Health Affairs studied the cost to charge ratio in U.S. hospitals. They found:
the average ratio of hospital charges for services (gross revenues) to payments received (net revenues) has grown from 1.1 to 2.6. This reflects a transition from predominantly cost- and charge-based payment systems to regulated and negotiated fixed payments. Hospitals have been able to squeeze additional revenues from remaining charge-based payers and services by sharply increasing charges, negatively affecting the uninsured.
Note that in the U.S. those least able to pay, i.e. those without health insurance are charge more, many times more in some instances, than those with insurance.
While most public and private health insurers do not use hospital charges to set their payment rates, uninsured patients are commonly asked to pay the full charges, and out-of-network patients and casualty and workers’ compensation insurers are often expected to pay a large portion of the full charges. Because it is difficult for patients to compare prices, market forces fail to constrain hospital charges.
The Washington Posts lists the hospitals and discusses the issue:
All but one of the facilities are owned by for-profit entities and the largest number of hospitals — 20 — are in Florida.

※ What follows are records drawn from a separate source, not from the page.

lemma bracket_antisym: "br y x = - br x y"
proof -
  have "br (x + y) (x + y) = br x x + br x y + br y x + br y y"
    by (simp add: bilinear_ladd[OF bilinear] bilinear_radd[OF bilinear] algebra_simps)
  then show ?thesis by (simp add: bracket_self eq_neg_iff_add_eq_0 add.commute)
qed

lemma ad_commute_on_G1:
  assumes "a \<in> G1"
  shows "br x (br y a) = br y (br x a)"
  using jacobi[of x y a] G1_abelian[OF assms bracket_in_G1] bracket_antisym[of a x]
    bilinear_rneg[OF bilinear] by (simp add: eq_neg_iff_add_eq_0)

lemma G1_eqI:
  assumes "p \<in> G1" "q \<in> G1" "\<And>a. a \<in> G1 \<Longrightarrow> p \<bullet> a = q \<bullet> a"
  shows "p = q"
proof -
  have "(p - q) \<bullet> (p - q) = 0"
    using assms(3)[of "p - q"] subspace_diff[OF subspace_G1 assms(1,2)] by (simp add: inner_diff_left)
  then show ?thesis by simp
qed

text \<open>
  coad x is the transpose of ad x on G1 with respect to the inner product; through
  w \<mapsto> \<langle>w, -\<rangle> it is the coadjoint action on functionals restricted to G1.
\<close>
definition coad :: "real^'n \<Rightarrow> real^'n \<Rightarrow> real^'n" where
  "coad x w = (SOME p. p \<in> G1 \<and> (\<forall>a\<in>G1. p \<bullet> a = w \<bullet> br x a))"

lemma coad_exists: "\<exists>p. p \<in> G1 \<and> (\<forall>a\<in>G1. p \<bullet> a = w \<bullet> br x a)"
proof -
  obtain p z where p: "p \<in> span G1" and z: "\<And>a. a \<in> span G1 \<Longrightarrow> orthogonal z a"
    and pz: "adjoint (br x) w = p + z"
    using orthogonal_subspace_decomp_exists by metis
  have "p \<bullet> a = w \<bullet> br x a" if "a \<in> G1" for a
  proof -
    have "p \<bullet> a = adjoint (br x) w \<bullet> a"
      using z[of a] that by (simp add: pz inner_add_left orthogonal_def span_base)
    also have "\<dots> = w \<bullet> br x a"
      using bilinear by (simp add: adjoint_clauses bilinear_def)
    finally show ?thesis .
  qed
  moreover have "p \<in> G1" using p by (simp only: span_eq_iff[THEN iffD2, OF subspace_G1])
  ultimately show ?thesis by blast
qed

lemma coad_in_G1: "coad x w \<in> G1"
  and inner_coad: "a \<in> G1 \<Longrightarrow> coad x w \<bullet> a = w \<bullet> br x a"
  using someI_ex[OF coad_exists[of w x]] by (simp_all add: coad_def)

lemma coad_eqI: "p \<in> G1 \<Longrightarrow> (\<And>a. a \<in> G1 \<Longrightarrow> p \<bullet> a = w \<bullet> br x a) \<Longrightarrow> coad x w = p"
  by (rule G1_eqI[OF coad_in_G1]) (simp_all add: inner_coad)

lemma linear_coad: "linear (coad x)"
  by (intro linearI coad_eqI)
    (simp_all add: subspace_add subspace_scale subspace_G1 coad_in_G1 inner_add_left inner_coad)

lemma linear_coad_left: "linear (\<lambda>x. coad x w)"
  by (intro linearI coad_eqI)
    (simp_all add: subspace_add subspace_scale subspace_G1 coad_in_G1 inner_add_left inner_coad
      bilinear_ladd[OF bilinear] bilinear_lmul[OF bilinear] inner_add_right)

lemma coad_commute: "coad x (coad y w) = coad y (coad x w)"
  by (rule G1_eqI[OF coad_in_G1 coad_in_G1])
    (simp add: inner_coad bracket_in_G1 ad_commute_on_G1)

sublocale coad: commuting_family coad G1
  by (rule commuting_family.intro[OF subspace_G1 linear_coad]) (auto simp: coad_in_G1 coad_commute)

lemma coad_kernel_isotropic:
  assumes "coad x w = 0" "coad y w = 0"
  shows "coad z w \<bullet> br y x = 0"
proof -
  have "coad z w \<bullet> br y x = w \<bullet> br z (br y x)" by (simp add: inner_coad bracket_in_G1)
  also have "br z (br y x) = - br y (br x z) - br x (br z y)"
    using jacobi[of z y x] by (simp add: algebra_simps eq_neg_iff_add_eq_0)
  then have "w \<bullet> br z (br y x) = - (w \<bullet> br y (br x z)) - w \<bullet> br x (br z y)"
    by (simp add: inner_diff_right)
  also have "\<dots> = - (coad y w \<bullet> br x z) - coad x w \<bullet> br z y" by (simp add: inner_coad bracket_in_G1)
  finally show ?thesis using assms by simp
qed

lemma dim_coad_kernel_add_dim_image:
  "dim {x. coad x w = 0} + dim (range (\<lambda>x. coad x w)) = CARD('n)"
  using dim_kernel_add_dim_image[OF linear_coad_left subspace_UNIV] by simp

Understanding hospital pricing and charges is one of the most frustrating experiences for consumers and health-care professionals. It is virtually impossible to find out ahead of time from the hospital how much a procedure or stay is going to cost. Once the bill arrives, many consumers have difficulty deciphering it.
Medicynical Note: Our money driven non-system of health care emphasizes revenue over health care quality, efficiency and value. Overcharging patients is the norm and frankly the daily goal of hospital CFO’s. Hiding the cost until the presentation of the bill is a little like the Mad Magazine cartoon from the fifties…Great Moments in Medicine. While satire, it does represent the reality of American health care today.